Microsoft Defender for Endpoint in Depth is now released! https://amzn.to/3mvTVPE
The rave reviews are already starting to pour in.
…
That’s it for me for this week. I hope you have a great weekend and week ahead. Make sure to catch up on sleep if you have to move those clocks forward because Monday will be brutal.
Talk soon.
-Rod
Things to Attend
New Ways of Automating Azure Security Management, Building on What You Have - Tue, Mar 14, 2023, 2:00 PM - 3:00 PM EST
This webinar will explore:
Why traditional approaches don’t expose the hidden data required for comprehensive Azure security
Closing the security gap by finding hard to get critical data and turn it into actionable knowledge
How to automate the process to Get and Stay Secure Quickly, Easily & Cost Effectively
How we do the KQL for you!
Two-day virtual skilling event, Tech Accelerator: Microsoft Intune Suite, April 11-12th, 2023 - Save the date and save your spot for a closer look at the Microsoft Intune Suite. Explore the latest advanced endpoint management and security solutions with technical deep dives and live Ask Microsoft Anything (AMA) sessions delivered by the engineering teams building the future of Microsoft Intune.
Things that are Related
Cloud Skills Challenge - Learn Kusto Query Language (KQL) - Welcome to Sasha Kranjac's Learn Kusto Query Language (KQL) Collection! Take an exciting journey and learn how to write Kusto Query Language (KQL) statements to query log data to perform detections, analysis, and reporting in Sentinel, Azure Data Explorer and Azure Monitor logs.
Learn Live Module: Who Hacked cloud game - Demonstrate skills learned in The Security Operations Analyst (SC-200) course. Practical experience using Microsoft Sentinel, Microsoft Purview and Microsoft Defender is helpful but not required.
International Women’s Day: The power of diversity to build stronger cybersecurity teams - Each of us can do our part in supporting women in cybersecurity in our own way. At Microsoft, building a stronger future for women in cybersecurity begins with a strong foundation here at our Microsoft home. All women within Microsoft Security deserve the resources necessary to feel connected, thriving, and empowered to achieve more. Microsoft has been focusing on building a strong community internally to make this a reality.
Things to Watch/Listen To
Microsoft Security Insights Show Episode 143 - Vasu Jakkal, CVP Microsoft SCI - It's Women in Cybersecurity month and International Women’s Day 2023! In our second episode in the series for Women in Cybersecurity month, CVP at Microsoft SCI, Vasu Jakkal, joins us to discuss Sci-Fi, Star Trek, and how to close the talent gap in Cybersecurity by having an abundant mindset.
Things in Techcommunity
Defender for Cloud Apps Outdated Browsers - Wrong User Agent String - I have been creating Activity Policies to detect logins from outdated browsers. Frustratingly, users who I know have up to date browsers installed, are still being detected by the policy for running the likes of Chrome 96 and Edge 18.
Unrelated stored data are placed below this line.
lemma typeIII_pairings_same_neg2:
  fixes c w w' d :: "real^'r"
  assumes dpos: "\<And>l. d $ l > 0" and dj: "d $ j \<in> \<nat>" and ci: "int_vec c"
    and cc: "(\<Sum>l\<in>UNIV. c $ l * c $ l / d $ l) = 1"
    and wc: "(\<Sum>l\<in>UNIV. w $ l * c $ l / d $ l) = 1"
    and wc': "(\<Sum>l\<in>UNIV. w' $ l * c $ l / d $ l) = 1"
    and w: "typeIII_at i j w" and w': "typeIII_at i' j w'" and ii': "i \<noteq> i'"
    and cj: "c $ j = -1"
  shows "d $ j \<le> 3"
proof (rule ccontr)
  assume "\<not> d $ j \<le> 3"
  moreover obtain m where "d $ j = of_nat m" using dj Nats_cases by blast
  ultimately have d4: "4 \<le> d $ j" by simp
  have big: "1/2 \<le> c $ k * c $ k / d $ k" if v: "typeIII_at k j v"
    and vc: "(\<Sum>l\<in>UNIV. v $ l * c $ l / d $ l) = 1" for k v
  proof -
    have "k \<noteq> j" using v unfolding typeIII_at_def by simp
    then have "(\<Sum>l\<in>UNIV. v $ l * c $ l / d $ l) = c $ k / d $ k + 2 / d $ j"
      by (subst sum_UNIV_supported[of "{k, j}"]) (auto simp: typeIII_at_nth[OF v] cj)
    moreover have "2 / d $ j \<le> 1/2" using d4 by (simp add: field_simps)
    ultimately have q: "1/2 \<le> c $ k / d $ k" using vc by linarith
    then have "0 < c $ k" using dpos[of k] by (simp add: zero_less_divide_iff)
    moreover obtain z where "c $ k = of_int z" using ci Ints_cases unfolding int_vec_def by blast
    ultimately have "1 \<le> c $ k" by simp
    then have "c $ k / d $ k \<le> c $ k * c $ k / d $ k"
      using mult_right_mono[of 1 "c $ k" "c $ k / d $ k"] q by simp
    then show ?thesis using q by linarith
  qed
  have "i \<noteq> j" "i' \<noteq> j" using w w' unfolding typeIII_at_def by auto
  then have "c $ j * c $ j / d $ j \<le> (\<Sum>l\<in>UNIV - {i, i'}. c $ l * c $ l / d $ l)"
    by (intro member_le_sum) (auto intro: divide_nonneg_pos dpos)
  moreover have "0 < c $ j * c $ j / d $ j" using cj dpos[of j] by simp
  ultimately have "1 < c $ i * c $ i / d $ i + c $ i' * c $ i' / d $ i'
      + (\<Sum>l\<in>UNIV - {i, i'}. c $ l * c $ l / d $ l)"
    using big[OF w wc] big[OF w' wc'] by linarith
  then show False using cc sum_UNIV_split2[OF ii', of "\<lambda>l. c $ l * c $ l / d $ l"] by linarith
qed

lemma typeIII_pairing_second_neg1:
  fixes c w d :: "real^'r"
  assumes dpos: "\<And>l. d $ l > 0" and ci: "int_vec c"
    and cc: "(\<Sum>l\<in>UNIV. c $ l * c $ l / d $ l) = 1"
    and wc: "(\<Sum>l\<in>UNIV. w $ l * c $ l / d $ l) = 1"
    and w: "typeIII_at i j w" and jk: "j \<noteq> k" and cj: "c $ j = -1" and ck: "c $ k = -1"
  shows "1 / d $ k \<le> 1 / d $ j"
    and "1 / d $ k = 1 / d $ j \<Longrightarrow> w $ k = 0 \<and> (\<forall>l. l \<noteq> j \<and> l \<noteq> k \<longrightarrow> c $ l = 0 \<or> c $ l = w $ l)"
proof -
  have cI: "c $ l \<in> \<int>" for l using ci unfolding int_vec_def by blast
  have went: "w $ l \<in> {0, 1, -1, -2}" for l
    using w unfolding typeIII_at_def by (metis insert_iff)
  define f where "f l = c $ l * (c $ l - w $ l) / d $ l" for l
  define R where "R = sum f (UNIV - {j, k})"
  have "sum f UNIV = 0" using cc wc sum_pairing_diff[of c w d] unfolding f_def by simp
  then have split: "f j + f k + R = 0" using sum_UNIV_split2[OF jk, of f] unfolding R_def by simp
  have fnn: "0 \<le> f l" if "l \<noteq> j" for l
  proof -
    have "w $ l \<noteq> -2" using w that unfolding typeIII_at_def by (cases "l = i") auto
    then show ?thesis using integer_product_nonneg[OF cI went] dpos[of l] unfolding f_def by simp
  qed
  then have "0 \<le> R" unfolding R_def by (auto intro: sum_nonneg)
  have fj: "f j = -1 / d $ j" using w cj unfolding f_def typeIII_at_def by simp
  have wk: "w $ k \<in> {0, 1}" using typeIII_at_nth[OF w, of k] jk by auto
  then have fk: "f k = (1 + w $ k) / d $ k" using ck unfolding f_def by auto
  have "1 / d $ k \<le> f k" unfolding fk using wk dpos[of k] by (auto intro: divide_right_mono)
  then show "1 / d $ k \<le> 1 / d $ j" using split fj \<open>0 \<le> R\<close> by linarith
  assume "1 / d $ k = 1 / d $ j"
  then have "f k = 1 / d $ k" "R = 0" using split fj \<open>0 \<le> R\<close> \<open>1 / d $ k \<le> f k\<close> by linarith+
  then have "w $ k = 0" using fk dpos[of k] by (auto simp: field_simps)
  moreover have "c $ l = 0 \<or> c $ l = w $ l" if "l \<noteq> j" "l \<noteq> k" for l
  proof -
    have "f l = 0" by (rule sum_nonneg_0[OF _ _ \<open>R = 0\<close>[unfolded R_def]]) (use fnn that in auto)
    then show ?thesis using dpos[of l] unfolding f_def by auto
  qed
  ultimately show "w $ k = 0 \<and> (\<forall>l. l \<noteq> j \<and> l \<noteq> k \<longrightarrow> c $ l = 0 \<or> c $ l = w $ l)" by blast
qed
Welcome to the Virtual Ninja Show’s Ninja Cat giveaway! - We are so excited to announce there will be NINE opportunities across Season 3 of the Ninja Show to earn your very own plush ninja cat and give it a new beloved home :hearteyes: and we have many plush ninja cats looking for a new home! It works like this: for each episode there is a task to accomplish related to the topic in that show. You can complete each episode’s task for an opportunity to win! When you receive a LIKE on your response (from me, Heike) make sure you check your messages here in Tech Community for a message (from me, Heike :smile:) with next steps. If you do not receive a like, don’t worry - come back and keep trying! For each episode, you have a new chance to win a kitty! Though we do limit one ninja cat per person, please!
Microsoft Security Tech Community Join the other 67,000 members of the Tech Community to ask questions to the product team and get the latest on product updates. The Security Tech Community is free to join and provides the easiest way to get notified when something new is in product, and how you can implement it into your workflows.
Things from Partners
Get integrated Microsoft Purview Information Protection in Adobe Acrobat—now available - Together with Microsoft, Adobe builds value by earning trust with their customers, who are counting on them to do the right thing when it comes to their data and their business. When Adobe engages with its customers, they have a responsibility to treat their data with care. Customers entrust Adobe with their data, and in exchange, they expect them to be world-class at securing it, governing it, and protecting it. Doing the right thing means taking a proactive approach to data protection—embedding security and compliance from the ground up.
Defender for Cloud Things
BLOG: Defender for Servers (Linux): Troubleshooting Onboarding Errors - While leveraging Defender for Servers in the enterprise across clouds and on—premise both Plans 1 and 2 also deploys Defender for Endpoint giving you endpoint protection with Endpoint Detection and Response (EDR) and Threat Vulnerability Management (TVM). As part of this plan you can leverage Automatic Onboarding or Policy Remediation tasks that execute, register, and in some cases install (Server 2012R2, Linux) Defender for Endpoint onto the server.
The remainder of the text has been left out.